This volume explores the influence of Nietzsche’s thought in the works of Ernst Jünger, focusing on the essay Der Arbeiter: Herrschaft und Gestalt (The Worker: Dominion and Form) published in 1932 (English translation Northwestern University Press, 2017). Jünger’s
text occupies a special place in his own oeuvre, but is not an exception in
terms of its questions and problems within the broader context of the first
part of the Twentieth Century and the heritage of the Nineteenth. This volume will situate Jünger’s text in
two ways. First, it will outline the
context of the debates in the Nineteenth Century. At the core of these debates
lie questions that have not ceased to be essential preoccupations ever since. Secondly, it will outline the debates about work itself and its relationship to
the ‘humanity of the human’ taking place in Europe, especially in Germany, and
the United States, in the decades between the world wars. The modern formulation of the problem of work
(whether it fundamentally humanizes or alienates, secures or endangers, modern
man and woman, in an increasingly secularised understanding of production and
existence) became the central theme of political, social and economic thinking
in the first part of the Twentieth Century.

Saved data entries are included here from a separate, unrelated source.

definition left_twisting_datum ::
  "('k::field \<Rightarrow> 'h::ab_group_add \<Rightarrow> 'h) \<Rightarrow> ('h \<Rightarrow> 'h \<Rightarrow> 'h) \<Rightarrow> 'h \<Rightarrow>
   ('h \<Rightarrow> ('h \<times> 'h) list) \<Rightarrow> ('h \<Rightarrow> 'k) \<Rightarrow>
   ('k \<Rightarrow> 'a::ab_group_add \<Rightarrow> 'a) \<Rightarrow> ('a \<Rightarrow> 'a \<Rightarrow> 'a) \<Rightarrow> 'a \<Rightarrow>
   ('h \<Rightarrow> 'a \<Rightarrow> 'a) \<Rightarrow> ('a \<Rightarrow> ('h \<times> 'a) list) \<Rightarrow> bool" where
  "left_twisting_datum sH mH uH \<Delta> \<epsilon> sA m u act \<psi> \<longleftrightarrow>
     bialgebra sH mH uH \<Delta> \<epsilon> \<and> k_algebra sA m u \<and>
     left_module_algebra sH mH uH \<Delta> \<epsilon> sA m u act \<and>
     left_comodule_algebra sH mH uH \<Delta> \<epsilon> sA m u \<psi> \<and>
     (\<forall>h a. tensor_eq2 sH sA (\<psi> (act h a)) (map (\<lambda>(g, x). (g, act h x)) (\<psi> a)))"

definition right_twisting_datum ::
  "('k::field \<Rightarrow> 'h::ab_group_add \<Rightarrow> 'h) \<Rightarrow> ('h \<Rightarrow> 'h \<Rightarrow> 'h) \<Rightarrow> 'h \<Rightarrow>
   ('h \<Rightarrow> ('h \<times> 'h) list) \<Rightarrow> ('h \<Rightarrow> 'k) \<Rightarrow>
   ('k \<Rightarrow> 'a::ab_group_add \<Rightarrow> 'a) \<Rightarrow> ('a \<Rightarrow> 'a \<Rightarrow> 'a) \<Rightarrow> 'a \<Rightarrow>
   ('a \<Rightarrow> 'h \<Rightarrow> 'a) \<Rightarrow> ('a \<Rightarrow> ('a \<times> 'h) list) \<Rightarrow> bool" where
  "right_twisting_datum sH mH uH \<Delta> \<epsilon> sA m u ract \<psi> \<longleftrightarrow>
     bialgebra sH mH uH \<Delta> \<epsilon> \<and> k_algebra sA m u \<and>
     right_module_algebra sH mH uH \<Delta> \<epsilon> sA m u ract \<and>
     right_comodule_algebra sH mH uH \<Delta> \<epsilon> sA m u \<psi> \<and>
     (\<forall>h a. tensor_eq2 sA sH (\<psi> (ract a h)) (map (\<lambda>(x, g). (ract x h, g)) (\<psi> a)))"

definition lr_twisting_datum ::
  "('k::field \<Rightarrow> 'h::ab_group_add \<Rightarrow> 'h) \<Rightarrow> ('h \<Rightarrow> 'h \<Rightarrow> 'h) \<Rightarrow> 'h \<Rightarrow>
   ('h \<Rightarrow> ('h \<times> 'h) list) \<Rightarrow> ('h \<Rightarrow> 'k) \<Rightarrow>
   ('k \<Rightarrow> 'a::ab_group_add \<Rightarrow> 'a) \<Rightarrow> ('a \<Rightarrow> 'a \<Rightarrow> 'a) \<Rightarrow> 'a \<Rightarrow>
   ('h \<Rightarrow> 'a \<Rightarrow> 'a) \<Rightarrow> ('a \<Rightarrow> 'h \<Rightarrow> 'a) \<Rightarrow>
   ('a \<Rightarrow> ('h \<times> 'a) list) \<Rightarrow> ('a \<Rightarrow> ('a \<times> 'h) list) \<Rightarrow> bool" where
  "lr_twisting_datum sH mH uH \<Delta> \<epsilon> sA m u act ract \<psi>l \<psi>r \<longleftrightarrow>
     bialgebra sH mH uH \<Delta> \<epsilon> \<and> k_algebra sA m u \<and>
     \<comment> \<open>H-bimodule algebra\<close>
     left_module_algebra sH mH uH \<Delta> \<epsilon> sA m u act \<and>
     right_module_algebra sH mH uH \<Delta> \<epsilon> sA m u ract \<and>
     (\<forall>h a g. ract (act h a) g = act h (ract a g)) \<and>
     \<comment> \<open>H-bicomodule algebra\<close>
     left_comodule_algebra sH mH uH \<Delta> \<epsilon> sA m u \<psi>l \<and>
     right_comodule_algebra sH mH uH \<Delta> \<epsilon> sA m u \<psi>r \<and>
     (\<forall>a. tensor_eq3 sH sA sH
        [(h, y, g). (h, x) \<leftarrow> \<psi>l a, (y, g) \<leftarrow> \<psi>r x]
        [(h, y, g). (x, g) \<leftarrow> \<psi>r a, (h, y) \<leftarrow> \<psi>l x]) \<and>
     \<comment> \<open>compatibilities\<close>
     (\<forall>h a. tensor_eq2 sH sA (\<psi>l (act h a)) (map (\<lambda>(g, x). (g, act h x)) (\<psi>l a))) \<and>
     (\<forall>h a. tensor_eq2 sA sH (\<psi>r (act h a)) (map (\<lambda>(x, g). (act h x, g)) (\<psi>r a))) \<and>
     (\<forall>h a. tensor_eq2 sH sA (\<psi>l (ract a h)) (map (\<lambda>(g, x). (g, ract x h)) (\<psi>l a))) \<and>
     (\<forall>h a. tensor_eq2 sA sH (\<psi>r (ract a h)) (map (\<lambda>(x, g). (ract x h, g)) (\<psi>r a)))"

end

theory Submission
  imports Defs
begin

text \<open>
  Write every product as an iterated Sweedler sum: a \<star> b = a(0) (a(-1) . b) and
  a \<diamond> b = (a . b<1>) b<0>. Since \<psi>l commutes with the right action,
  (a . b<1>) \<star> b<0> = (a[0] . b<1>) (a[-1] . b<0>) = a \<bullet> b, and since \<psi>r commutes with the
  left action, a(0) \<diamond> (a(-1) . b) = a \<bullet> b as well. For (H, ract, \<psi>r) to be a right twisting
  datum on (A, \<star>) one needs that \<star> is associative (coassociativity of \<psi>l and the module-algebra
  axioms for act), that ract acts by algebra maps for \<star> (ract commutes with act and with \<psi>l),
  and that \<psi>r is multiplicative for \<star> (bicomodule coassociativity and \<psi>r commuting with act);
  the statement for (A, \<diamond>) is the mirror image.

  Equality of tensors is defined by pairing with scalar-valued multilinear forms. It is used
  with multilinear maps into arbitrary vector spaces, which is legitimate because linear
  functionals separate points.
\<close>

section \<open>Sweedler sums and tensor identities\<close>

definition sum_pairs :: "('p \<times> 'q) list \<Rightarrow> ('p \<Rightarrow> 'q \<Rightarrow> 'x::comm_monoid_add) \<Rightarrow> 'x" where
  "sum_pairs L f = sum_list (map (\<lambda>(p, q). f p q) L)"

definition sum_triples :: "('p \<times> 'q \<times> 'r) list \<Rightarrow> ('p \<Rightarrow> 'q \<Rightarrow> 'r \<Rightarrow> 'x::comm_monoid_add) \<Rightarrow> 'x" where
  "sum_triples L f = sum_list (map (\<lambda>(p, q, r). f p q r) L)"

lemma sum_pairs_Nil [simp]: "sum_pairs [] f = 0"
  and sum_pairs_Cons [simp]: "sum_pairs ((p, q) # L) f = f p q + sum_pairs L f"
  and sum_pairs_append [simp]: "sum_pairs (L @ M) f = sum_pairs L f + sum_pairs M f"
  by (simp_all add: sum_pairs_def)

lemma sum_triples_Nil [simp]: "sum_triples [] f = 0"
  and sum_triples_Cons [simp]: "sum_triples ((p, q, r) # L) f = f p q r + sum_triples L f"
  and sum_triples_append [simp]: "sum_triples (L @ M) f = sum_triples L f + sum_triples M f"
  by (simp_all add: sum_triples_def)

lemma sum_pairs_add: "sum_pairs L (\<lambda>p q. f p q + g p q) = sum_pairs L f + sum_pairs L g"
  by (induction L) (auto simp: algebra_simps)

lemma sum_pairs_zero [simp]: "sum_pairs L (\<lambda>p q. 0) = 0"
  by (induction L) auto

lemma sum_pairs_commute:
  "sum_pairs L (\<lambda>p q. sum_pairs M (\<lambda>r s. f p q r s)) = sum_pairs M (\<lambda>r s. sum_pairs L (\<lambda>p q. f p q r s))"
  by (induction L) (auto simp: sum_pairs_add)

lemma sum_pairs_cong: "(\<And>p q. (p, q) \<in> set L \<Longrightarrow> f p q = g p q) \<Longrightarrow> sum_pairs L f = sum_pairs L g"
  by (induction L) auto

lemma sum_pairs_concat_map:
  "sum_pairs (concat (map (\<lambda>(p, q). G p q) L)) f = sum_pairs L (\<lambda>p q. sum_pairs (G p q) f)"
  by (induction L) auto

lemma sum_pairs_map:
  "sum_pairs (map (\<lambda>(p, q). (g p q, k p q)) L) f = sum_pairs L (\<lambda>p q. f (g p q) (k p q))"
  by (induction L) auto

lemma sum_triples_concat_map:
  "sum_triples (concat (map (\<lambda>(p, q). G p q) L)) f = sum_pairs L (\<lambda>p q. sum_triples (G p q) f)"
  by (induction L) auto

lemma sum_triples_map:
  "sum_triples (map (\<lambda>(p, q). (f p q, g p q, k p q)) L) \<gamma> = sum_pairs L (\<lambda>p q. \<gamma> (f p q) (g p q) (k p q))"
  by (induction L) auto

lemma sum_triples_map_Pair: "sum_triples (map (Pair h) L) \<gamma> = sum_pairs L (\<gamma> h)"
  by (induction L) auto

lemma vector_space_times: "vector_space ((*) :: 'k::field \<Rightarrow> 'k \<Rightarrow> 'k)"
  by (simp add: vector_space_def algebra_simps)

lemma lin_add: "Vector_Spaces.linear s1 s2 f \<Longrightarrow> f (x + y) = f x + f y"
  and lin_scale: "Vector_Spaces.linear s1 s2 f \<Longrightarrow> f (s1 c x) = s2 c (f x)"
  by (simp_all add: Vector_Spaces.linear_iff)

lemma lin_zero: "Vector_Spaces.linear s1 s2 f \<Longrightarrow> f 0 = 0"
  using lin_add[of s1 s2 f 0 0] by simp

lemma lin_id: "vector_space s \<Longrightarrow> Vector_Spaces.linear s s (\<lambda>x. x)"
  by (simp add: Vector_Spaces.linear_iff)

lemma lin_compose: "Vector_Spaces.linear s1 s2 f \<Longrightarrow> Vector_Spaces.linear s2 s3 g \<Longrightarrow>
    Vector_Spaces.linear s1 s3 (\<lambda>x. g (f x))"
  by (simp add: Vector_Spaces.linear_iff)

lemma lin_add_fun: "Vector_Spaces.linear s1 s2 f \<Longrightarrow> Vector_Spaces.linear s1 s2 g \<Longrightarrow>
    Vector_Spaces.linear s1 s2 (\<lambda>x. f x + g x)"
  by (simp add: Vector_Spaces.linear_iff module.scale_right_distrib module_iff_vector_space algebra_simps)

lemma lin_zero_fun: "vector_space s1 \<Longrightarrow> vector_space s2 \<Longrightarrow> Vector_Spaces.linear s1 s2 (\<lambda>x. 0)"
  by (simp add: Vector_Spaces.linear_iff module.scale_zero_right module_iff_vector_space)

lemma lin_scale_fun: "vector_space s \<Longrightarrow> Vector_Spaces.linear s s (s c)"
  by (simp add: Vector_Spaces.linear_iff module.scale_right_distrib module.scale_scale
      module_iff_vector_space mult.commute)

lemma linear_sum_pairs: "Vector_Spaces.linear s1 s2 f \<Longrightarrow> f (sum_pairs L g) = sum_pairs L (\<lambda>p q. f (g p q))"
  by (induction L) (auto simp: lin_add lin_zero)

lemma linear_sum_triples:
  "Vector_Spaces.linear s1 s2 f \<Longrightarrow> f (sum_triples L g) = sum_triples L (\<lambda>p q r. f (g p q r))"
  by (induction L) (auto simp: lin_add lin_zero)

lemma linear_sum_pairs_fun: "vector_space s1 \<Longrightarrow> vector_space s2 \<Longrightarrow>
    (\<And>p q. Vector_Spaces.linear s1 s2 (\<lambda>v. F p q v)) \<Longrightarrow>
    Vector_Spaces.linear s1 s2 (\<lambda>v. sum_pairs L (\<lambda>p q. F p q v))"
proof (induction L)
  case Nil
  then show ?case by (simp add: lin_zero_fun)
next
  case (Cons pq L)
  then show ?case by (cases pq) (simp add: lin_add_fun)
qed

It grounded the political programmes and actions of parties and
movements on the Left, the Right, but also at the Centre. Jünger’s text must be read as part of these
debates - and it is in this sense that it continues to speak about the ambiguous relationshiop we have with work today, and perhaps even more emphatically ambiguous now than a century ago.
Ernst Jünger (1895-1998) is well-known as one of the greatest memorialists of the First World War – in In Storms of Steel (1919) and Copse 125 (1925). Less well known is that these same texts also contain powerful insights not just into the nature of modern war, but also into the nature of work as the central and defining character of our times. This volume examines Jünger’s 1932 The Worker: Dominion and Form, in which he explores work as the very ground of the most important values of our time: individuality, society, freedom, power, danger, and technology. In Jünger’s work we encounter a Friedrich Nietzsche unknown from the post-war Nietzsche, one whose energy and vision make Jünger’s probing dissection of the Twentieth Century so prescient, because the question of work itself is the one which has never ceased to be the central political, cultural, economic and social problem for our own condition. Jünger shows how no aspect of contemporary existence can be separated from it.